Cement Creek, Snodgrass and Kebler keep seeing big jumps
[ by Mark Reaman ]
Last winter, more people than ever took advantage of using backcountry trailheads in the North Valley. More than 358 people a day on average hit the trails, a huge jump from 2019-20 when the average daily use was 236 people and the next highest year of 2017-18 when 313 people hit the winter trailheads. The trailheads have been monitored the last four years by Western Colorado University graduate students.
“The drainages around Crested Butte are used a lot,” said Alex Stach, who led last year’s monitoring project. “There was quite a huge increase last season at the trailheads. The majority of the people are locals but there are some, such as people
on snowmobile tours, that are visitors.”
Last year’s data showed that 44,293 recreational visits took place on winter trails in the Upper Gunnison Valley. Kebler Pass was the busiest trailhead with a count of close to 12,000 recreational users. Brush Creek Trail was the least busy area with a count of just 1,542 people.
The Upper Gunnison Valley winter use study was first undertaken in 2017-18. The goal was to gather “quantitative data regarding backcountry travel and use” to help the U.S. Forest Service make decisions in its winter travel management planning that is now more than 20 years old. The study is partially funded by the local Silent Tracks group, the town of Crested Butte and the Crested Butte Land Trust.
The baseline dataset concerning the recreational use of winter trailheads in the upper valley can shed light on what people are already doing in the winter and where. Western’s Center for Public Lands is in charge of conducting the winter data collection initiative and Stach is the lead researcher from both last season and the one coming up.
The initial study installed trail cameras at eight trailhead locations in the North Valley and recorded use between December and April. Last year the season went from December 3 to April 15 and data was collected at eight separate trails: Kebler Pass, Cement Creek, Slate River, Washington Gulch, Snodgrass, Gothic Road and both the Brush Creek Trail and Brush Creek Road.
“Most trailheads have fluctuated in their averages, but a few like Cement Creek and Snodgrass have shown a yearly increase in daily users so are getting busier and busier,” explained Stach. “Snodgrass saw more than 80 users per day last winter (10,100 for the season including 375 fat bikers).

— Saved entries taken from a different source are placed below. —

(* Let $I$ be an open arc in $\partial\mathbb{D}$ and $\lambda\in I$. Let $v$ be a non-negative bounded function on $\partial\mathbb{D}$ which is continuous on $I$, continuously differentiable on $I\setminus\{\lambda\}$, and satisfies $v(\lambda)=0$. Then there exists an analytic function $b$ on $\mathbb{D}$ which extends continuously to $\overline{\mathbb{D}}$ and satisfies $b(\lambda)=0$ and $|b(e^{i\theta})|\ge v(e^{i\theta})$ for all $e^{i\theta}\in\partial\mathbb{D}$. *)

theory Defs
  imports "HOL-Analysis.Analysis"
begin

end

theory Submission
  imports Defs "HOL-Complex_Analysis.Complex_Analysis"
begin

text \<open>Put \<open>\<zeta> = cis t0\<close> and \<open>w(z) = 1 - conj(\<zeta>) z\<close>; on the closed disc \<open>w\<close> takes values in
  the closed right half-plane and vanishes only at \<open>\<zeta>\<close>. For \<open>\<delta> > 0\<close> the quotient
  \<open>w / (w + \<delta>)\<close> is holomorphic, bounded by 1, vanishes at \<open>\<zeta>\<close>, has non-negative real part, and
  has real part at least 1/4 where \<open>|z - \<zeta>| \<ge> \<delta>\<close>. Continuity of \<open>v\<close> at \<open>\<zeta>\<close> gives radii
  \<open>\<delta>_n\<close> with \<open>v < M/2^n\<close> on the \<open>\<delta>_n\<close>-neighbourhood of \<open>\<zeta>\<close>, where \<open>M\<close> bounds \<open>v\<close>. The series
  \<open>B = \<Sum>_n 8M/2^n \<cdot> w/(w + \<delta>_n)\<close> converges uniformly, and at a boundary point with
  \<open>M/2^(k+1) \<le> v(z) < M/2^k\<close> the term \<open>n = k+1\<close> alone gives \<open>|B(z)| \<ge> Re B(z) \<ge> M/2^k > v(z)\<close>.\<close>

lemma Re_nonneg_add_pos_nonzero:
  fixes w :: complex
  assumes "Re w \<ge> 0" "e > 0"
  shows "w + of_real e \<noteq> 0"
  using assms by (auto simp: complex_eq_iff)

lemma norm_divide_add_pos_le_1:
  fixes w :: complex
  assumes "Re w \<ge> 0" "e > 0"
  shows "norm (w / (w + of_real e)) \<le> 1"
proof -
  obtain x y where w: "w = Complex x y" by (cases w)
  have "cmod w \<le> cmod (w + of_real e)"
    unfolding w cmod_def using assms w by (auto intro!: real_sqrt_le_mono mult_mono simp: power2_eq_square)
  then show ?thesis
    using Re_nonneg_add_pos_nonzero[OF assms] by (simp add: norm_divide divide_le_eq)
qed

lemma Re_Complex_divide_add_of_real:
  fixes x y e :: real
  shows "Re (Complex x y / (Complex x y + of_real e)) = (x\<^sup>2 + y\<^sup>2 + e * x) / ((x + e)\<^sup>2 + y\<^sup>2)"
  by (simp add: Re_divide power2_eq_square algebra_simps)

lemma Re_divide_add_pos_nonneg:
  fixes w :: complex
  assumes "Re w \<ge> 0" "e > 0"
  shows "Re (w / (w + of_real e)) \<ge> 0"
proof -
  obtain x y where w: "w = Complex x y" by (cases w)
  show ?thesis
    unfolding w Re_Complex_divide_add_of_real using assms w by (intro divide_nonneg_nonneg) auto
qed

lemma Re_divide_add_pos_ge_quarter:
  fixes w :: complex
  assumes "Re w \<ge> 0" "e > 0" "cmod w \<ge> e"
  shows "Re (w / (w + of_real e)) \<ge> 1/4"
proof -
  obtain x y where w: "w = Complex x y" by (cases w)
  have x: "x \<ge> 0" using assms w by simp
  have den: "(x + e)\<^sup>2 + y\<^sup>2 > 0"
    using x assms by (smt (verit) zero_less_power2 sum_power2_gt_zero_iff)
  have "e\<^sup>2 \<le> (sqrt (x\<^sup>2 + y\<^sup>2))\<^sup>2"
    using assms unfolding w cmod_def by (intro power_mono) auto
  then have "x\<^sup>2 + y\<^sup>2 \<ge> e\<^sup>2" by simp
  moreover have "e * x \<ge> 0" using x assms by simp
  moreover have "(x + e)\<^sup>2 + y\<^sup>2 = e\<^sup>2 + 2 * (e * x) + x\<^sup>2 + y\<^sup>2"
    by (simp add: power2_eq_square algebra_simps)
  ultimately have "4 * (x\<^sup>2 + y\<^sup>2 + e * x) \<ge> (x + e)\<^sup>2 + y\<^sup>2"
    by (smt (verit) zero_le_power2)
  then show ?thesis
    unfolding w Re_Complex_divide_add_of_real using den by (simp add: le_divide_eq)
qed

lemma Re_one_minus_cnj_mult_nonneg:
  assumes "norm \<zeta> = 1" "z \<in> cball 0 1"
  shows "Re (1 - cnj \<zeta> * z) \<ge> 0"
proof -
  have "Re (cnj \<zeta> * z) \<le> cmod (cnj \<zeta> * z)" by (rule complex_Re_le_cmod)
  also have "\<dots> \<le> 1" using assms by (simp add: norm_mult)
  finally show ?thesis by simp
qed

lemma norm_one_minus_cnj_mult:
  assumes "norm \<zeta> = 1"
  shows "cmod (1 - cnj \<zeta> * z) = cmod (z - \<zeta>)"
proof -
  have "cnj \<zeta> * \<zeta> = 1"
    using assms by (simp add: complex_norm_square[symmetric] mult.commute)
  then have "1 - cnj \<zeta> * z = cnj \<zeta> * (\<zeta> - z)" by (simp add: algebra_simps)
  then show ?thesis using assms by (simp add: norm_mult norm_minus_commute)
qed

definition peak_term :: "complex \<Rightarrow> real \<Rightarrow> complex \<Rightarrow> complex" where
  "peak_term \<zeta> e z = (1 - cnj \<zeta> * z) / (1 - cnj \<zeta> * z + of_real e)"

definition peak_series :: "complex \<Rightarrow> (nat \<Rightarrow> real) \<Rightarrow> (nat \<Rightarrow> real) \<Rightarrow> complex \<Rightarrow> complex" where
  "peak_series \<zeta> c d z = (\<Sum>n. of_real (c n) * peak_term \<zeta> (d n) z)"

lemma peak_term_center:
  assumes "norm \<zeta> = 1"
  shows "peak_term \<zeta> e \<zeta> = 0"
  using norm_one_minus_cnj_mult[OF assms, of \<zeta>] by (simp add: peak_term_def)

lemma norm_peak_term_le_1:
  assumes "norm \<zeta> = 1" "z \<in> cball 0 1" "e > 0"
  shows "norm (peak_term \<zeta> e z) \<le> 1"
  unfolding peak_term_def
  by (rule norm_divide_add_pos_le_1[OF Re_one_minus_cnj_mult_nonneg[OF assms(1,2)] assms(3)])

lemma Re_peak_term_nonneg:
  assumes "norm \<zeta> = 1" "z \<in> cball 0 1" "e > 0"
  shows "Re (peak_term \<zeta> e z) \<ge> 0"
  unfolding peak_term_def
  by (rule Re_divide_add_pos_nonneg[OF Re_one_minus_cnj_mult_nonneg[OF assms(1,2)] assms(3)])

lemma Re_peak_term_ge_quarter:
  assumes "norm \<zeta> = 1" "z \<in> cball 0 1" "e > 0" "cmod (z - \<zeta>) \<ge> e"
  shows "Re (peak_term \<zeta> e z) \<ge> 1/4"
  unfolding peak_term_def using assms(4)
  by (intro Re_divide_add_pos_ge_quarter Re_one_minus_cnj_mult_nonneg assms(1-3))
     (simp add: norm_one_minus_cnj_mult[OF assms(1)])

lemma peak_term_holomorphic_continuous:
  assumes "norm \<zeta> = 1" "e > 0"
  shows "peak_term \<zeta> e holomorphic_on ball 0 1" "continuous_on (cball 0 1) (peak_term \<zeta> e)"
proof -
  have "1 - cnj \<zeta> * z + of_real e \<noteq> 0" if "z \<in> cball 0 1" for z
    by (rule Re_nonneg_add_pos_nonzero[OF Re_one_minus_cnj_mult_nonneg[OF assms(1) that] assms(2)])
  then show "peak_term \<zeta> e holomorphic_on ball 0 1" "continuous_on (cball 0 1) (peak_term \<zeta> e)"
    unfolding peak_term_def by (auto intro!: holomorphic_intros continuous_intros)
qed

lemma norm_peak_series_term_le:
  assumes "norm \<zeta> = 1" "z \<in> cball 0 1" "c \<ge> 0" "e > 0"
  shows "norm (of_real c * peak_term \<zeta> e z) \<le> c"
  using norm_peak_term_le_1[OF assms(1,2,4)] assms(3) by (simp add: norm_mult mult_left_le)

lemma peak_series_holomorphic_continuous:
  assumes "norm \<zeta> = 1" "summable c" "\<And>n. c n \<ge> 0" "\<And>n. d n > 0"
  shows "peak_series \<zeta> c d holomorphic_on ball 0 1 \<and> continuous_on (cball 0 1) (peak_series \<zeta> c d)"
proof -
  have "norm (of_real (c n) * peak_term \<zeta> (d n) z) \<le> c n" if "z \<in> cball 0 1" for n z
    using assms that by (intro norm_peak_series_term_le)
  then have "uniform_limit (cball 0 1) (\<lambda>n z. \<Sum>i<n. of_real (c i) * peak_term \<zeta> (d i) z)
               (peak_series \<zeta> c d) sequentially"
    unfolding peak_series_def by (rule Weierstrass_m_test[OF _ assms(2)])
  moreover have "continuous_on (cball 0 1) (\<lambda>z. \<Sum>i<n. of_real (c i) * peak_term \<zeta> (d i) z)
      \<and> (\<lambda>z. \<Sum>i<n. of_real (c i) * peak_term \<zeta> (d i) z) holomorphic_on ball 0 1" for n
    using peak_term_holomorphic_continuous[OF assms(1,4)]
    by (intro conjI continuous_on_sum holomorphic_on_sum continuous_on_mult holomorphic_on_mult
          continuous_on_const holomorphic_on_const) auto
  then have "\<forall>\<^sub>F n in sequentially.
      continuous_on (cball 0 1) (\<lambda>z. \<Sum>i<n. of_real (c i) * peak_term \<zeta> (d i) z)
      \<and> (\<lambda>z. \<Sum>i<n. of_real (c i) * peak_term \<zeta> (d i) z) holomorphic_on ball 0 1"
    by simp
  ultimately show ?thesis
    by (elim holomorphic_uniform_limit[rotated]) simp_all
qed

lemma peak_series_center:
  assumes "norm \<zeta> = 1"
  shows "peak_series \<zeta> c d \<zeta> = 0"
  by (simp add: peak_series_def peak_term_center[OF assms])

lemma Re_peak_series_ge_term:
  assumes "norm \<zeta> = 1" "summable c" "\<And>n. c n \<ge> 0" "\<And>n. d n > 0"
    and z: "z \<in> cball 0 1" "cmod (z - \<zeta>) \<ge> d n"
  shows "c n / 4 \<le> Re (peak_series \<zeta> c d z)"
proof -
  let ?f = "\<lambda>n. of_real (c n) * peak_term \<zeta> (d n) z"
  have "norm (?f n) \<le> c n" for n
    using assms z(1) by (intro norm_peak_series_term_le)
  then have summable_f: "summable ?f"
    by (rule summable_comparison_test'[OF assms(2)])
  have Re_series: "Re (peak_series \<zeta> c d z) = (\<Sum>n. Re (?f n))" "summable (\<lambda>n. Re (?f n))"
    unfolding peak_series_def by (rule Re_suminf[OF summable_f], rule summable_Re[OF summable_f])
  have Re_f: "Re (?f n) = c n * Re (peak_term \<zeta> (d n) z)" for n
    by simp
  have "c n / 4 \<le> Re (?f n)"
    unfolding Re_f using Re_peak_term_ge_quarter[OF assms(1) z(1) assms(4) z(2)] assms(3)[of n]
    by (metis mult_left_mono mult.assoc mult.commute mult_1 divide_inverse inverse_eq_divide)
  also have "\<dots> = (\<Sum>i\<in>{n}. Re (?f i))" by simp
  also have "\<dots> \<le> Re (peak_series \<zeta> c d z)"
    unfolding Re_series(1) using Re_peak_term_nonneg[OF assms(1) z(1) assms(4)] assms(3)
    by (intro sum_le_suminf Re_series(2)) (auto simp: Re_f)
  finally show ?thesis .
qed

lemma continuous_within_sphere_if_isCont_cis:
  fixes v :: "complex \<Rightarrow> 'a :: metric_space"
  assumes "isCont (\<lambda>t. v (cis t)) t0"
  shows "continuous (at (cis t0) within sphere 0 1) v"
  unfolding continuous_within_eps_delta
proof (intro allI impI)
  fix e :: real assume "e > 0"
  with assms obtain d1 where d1: "d1 > 0" "\<And>t. dist t t0 < d1 \<Longrightarrow> dist (v (cis t)) (v (cis t0)) < e"
    unfolding continuous_at_eps_delta by blast
  have "isCont Arg 1" by (rule continuous_at_Arg) auto
  then obtain d2 where d2: "d2 > 0" "\<And>u. dist u 1 < d2 \<Longrightarrow> dist (Arg u) (Arg 1) < d1"
    using d1(1) unfolding continuous_at_eps_delta by blast
  show "\<exists>d>0. \<forall>z\<in>sphere 0 1. dist z (cis t0) < d \<longrightarrow> dist (v z) (v (cis t0)) < e"
  proof (intro exI[of _ d2] conjI ballI impI d2(1))
    fix z :: complex assume z: "z \<in> sphere 0 1" "dist z (cis t0) < d2"
    define u where "u = z * cis (-t0)"
    have "u - 1 = (z - cis t0) * cis (-t0)"
      unfolding u_def by (simp add: algebra_simps cis_mult)
    then have "\<bar>Arg u\<bar> < d1"
      using d2(2)[of u] z(2) by (simp add: dist_norm norm_mult)
    have "norm u = 1" using z(1) unfolding u_def by (simp add: norm_mult)
    then have "u \<noteq> 0" by auto
    with \<open>norm u = 1\<close> have "cis (Arg u) = u" by (simp add: cis_Arg sgn_div_norm)
    moreover have "z = u * cis t0" unfolding u_def by (simp add: mult.assoc cis_mult)
    ultimately have "z = cis (t0 + Arg u)" by (metis cis_mult add.commute)
    then show "dist (v z) (v (cis t0)) < e"
      using d1(2)[of "t0 + Arg u"] \<open>\<bar>Arg u\<bar> < d1\<close> by (simp add: dist_real_def)
  qed
qed

lemma geometric_bracket:
  fixes x M :: real
  assumes "0 < x" "x < M"
  obtains k where "M * (1/2) ^ Suc k \<le> x" "x < M * (1/2) ^ k"
proof -
  obtain n0 where "(1/2::real) ^ n0 < x / M"
    using real_arch_pow_inv[of "x / M" "1/2"] assms by auto
  then have ex: "M * (1/2) ^ n0 \<le> x" using assms by (simp add: field_simps)
  define n where "n = (LEAST n. M * (1/2::real) ^ n \<le> x)"
  have n: "M * (1/2) ^ n \<le> x" unfolding n_def by (rule LeastI[of _ n0], rule ex)
  then obtain k where k: "n = Suc k" using assms by (cases n) auto
  have "\<not> M * (1/2) ^ k \<le> x"
    unfolding n_def by (rule not_less_Least) (simp add: k n_def[symmetric])
  then show thesis using n k that by simp
qed

lemma shrinking_neighbourhoods:
  fixes v :: "complex \<Rightarrow> real"
  assumes "continuous (at \<zeta> within S) v" "v \<zeta> = 0" "M > 0"
  obtains d where "\<And>n. d n > 0"
    "\<And>n z. z \<in> S \<Longrightarrow> cmod (z - \<zeta>) < d n \<Longrightarrow> v z < M * (1/2) ^ n"
proof -
  have "\<forall>n. \<exists>\<delta>>0. \<forall>z\<in>S. cmod (z - \<zeta>) < \<delta> \<longrightarrow> v z < M * (1/2) ^ n"
  proof
    fix n :: nat
    have "M * (1/2) ^ n > 0" using assms(3) by simp
    then show "\<exists>\<delta>>0. \<forall>z\<in>S. cmod (z - \<zeta>) < \<delta> \<longrightarrow> v z < M * (1/2) ^ n"
      using assms(1,2) unfolding continuous_within_eps_delta
      by (simp add: dist_norm abs_less_iff) blast
  qed
  then obtain d where "\<forall>n. d n > 0 \<and> (\<forall>z\<in>S. cmod (z - \<zeta>) < d n \<longrightarrow> v z < M * (1/2) ^ n)"
    by (auto dest!: choice)
  with that show thesis by blast
qed

theorem mainTheorem14:
  fixes v :: "complex \<Rightarrow> real" and a b t0 :: real
  assumes arc: "a < b" "b - a < 2 * pi"
    and lam: "t0 \<in> {a<..<b}"
    and nonneg: "\<forall>z\<in>sphere 0 1. v z \<ge> 0"
    and bdd: "bdd_above (v ` sphere 0 1)"
    and cont: "continuous_on ((\<lambda>t. cis t) ` {a<..<b}) v"
    and C1: "(\<lambda>t. v (cis t)) C1_differentiable_on ({a<..<b} - {t0})"
    and vzero: "v (cis t0) = 0"
  shows "\<exists>B :: complex \<Rightarrow> complex. B holomorphic_on ball 0 1
           \<and> continuous_on (cball 0 1) B
           \<and> B (cis t0) = 0
           \<and> (\<forall>z\<in>sphere 0 1. norm (B z) \<ge> v z)"
proof -
  obtain M0 where M0: "\<And>z. z \<in> sphere 0 1 \<Longrightarrow> v z \<le> M0"
    using bdd unfolding bdd_above_def by blast
  obtain M where M: "M > 0" "\<And>z. z \<in> sphere 0 1 \<Longrightarrow> v z < M"
  proof
    show "max M0 0 + 1 > 0" by simp
    show "v z < max M0 0 + 1" if "z \<in> sphere 0 1" for z
      using M0[OF that] by simp
  qed
  have "continuous_on {a<..<b} (\<lambda>t. v (cis t))"
    by (rule continuous_on_compose2[OF cont]) (auto intro: continuous_intros)
  then have "isCont (\<lambda>t. v (cis t)) t0"
    using lam by (simp add: continuous_on_eq_continuous_at)
  then have cont_at: "continuous (at (cis t0) within sphere 0 1) v"
    by (rule continuous_within_sphere_if_isCont_cis)
  obtain d where d: "\<And>n. d n > 0"
      "\<And>n z. z \<in> sphere 0 1 \<Longrightarrow> cmod (z - cis t0) < d n \<Longrightarrow> v z < M * (1/2) ^ n"
    by (rule shrinking_neighbourhoods[OF cont_at vzero M(1)]) blast
  define c where "c n = 8 * M * (1/2::real) ^ n" for n
  have c: "summable c" "\<And>n. c n \<ge> 0"
    using M(1) unfolding c_def by (auto intro!: summable_mult summable_geometric)
  have "norm (cis t0) = 1" by simp
  note peak = this c d(1)
  have "v z \<le> norm (peak_series (cis t0) c d z)" if z: "z \<in> sphere 0 1" for z
  proof (cases "v z > 0")
    case True
    then obtain k where k: "M * (1/2) ^ Suc k \<le> v z" "v z < M * (1/2) ^ k"
      using M(2)[OF z] by (rule geometric_bracket)
    then have "d (Suc k) \<le> cmod (z - cis t0)"
      using d(2)[OF z, of "Suc k"] by linarith
    then have "c (Suc k) / 4 \<le> Re (peak_series (cis t0) c d z)"
      using z by (intro Re_peak_series_ge_term[OF peak]) auto
    moreover have "c (Suc k) / 4 = M * (1/2) ^ k" by (simp add: c_def)
    ultimately show ?thesis using k(2) complex_Re_le_cmod[of "peak_series (cis t0) c d z"] by linarith
  qed (use norm_ge_zero[of "peak_series (cis t0) c d z"] in linarith)
  then show ?thesis
    using peak_series_holomorphic_continuous[OF peak] peak_series_center[OF peak(1)]
    by (intro exI[of _ "peak_series (cis t0) c d"]) simp
qed

end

“Kebler Pass trailhead saw over 100 users per day with an average of 102 people per day,” Stach continued. “Around 90 percent of the observed use at Kebler Pass falls into the “motorized” category of our study. And a large number of those motorized users are guided snowmobile trips.
Meanwhile the Slate River and Washington Gulch trailheads recorded less people each year in the “motorized” category, but around the same number of people in the “hybrid” users each year. Stach said hybrid users are people using a motorized form of transportation to access non-motorized access. In other words, they are backcountry skiers/riders using snowmobiles to get out to the goods. “To me this seems like less and less people “just snowmobiling” at these trailheads, and instead most people there are using sleds at these trailheads to backcountry ski and ride.”
Parking at the Slate River trailhead was also monitored and as you might expect, it was at times a cluster. More than 1,000 vehicles were observed over the study’s duration with more than a dozen vehicles clogging the road and parking lot at times. The busiest time of day was 11 a.m.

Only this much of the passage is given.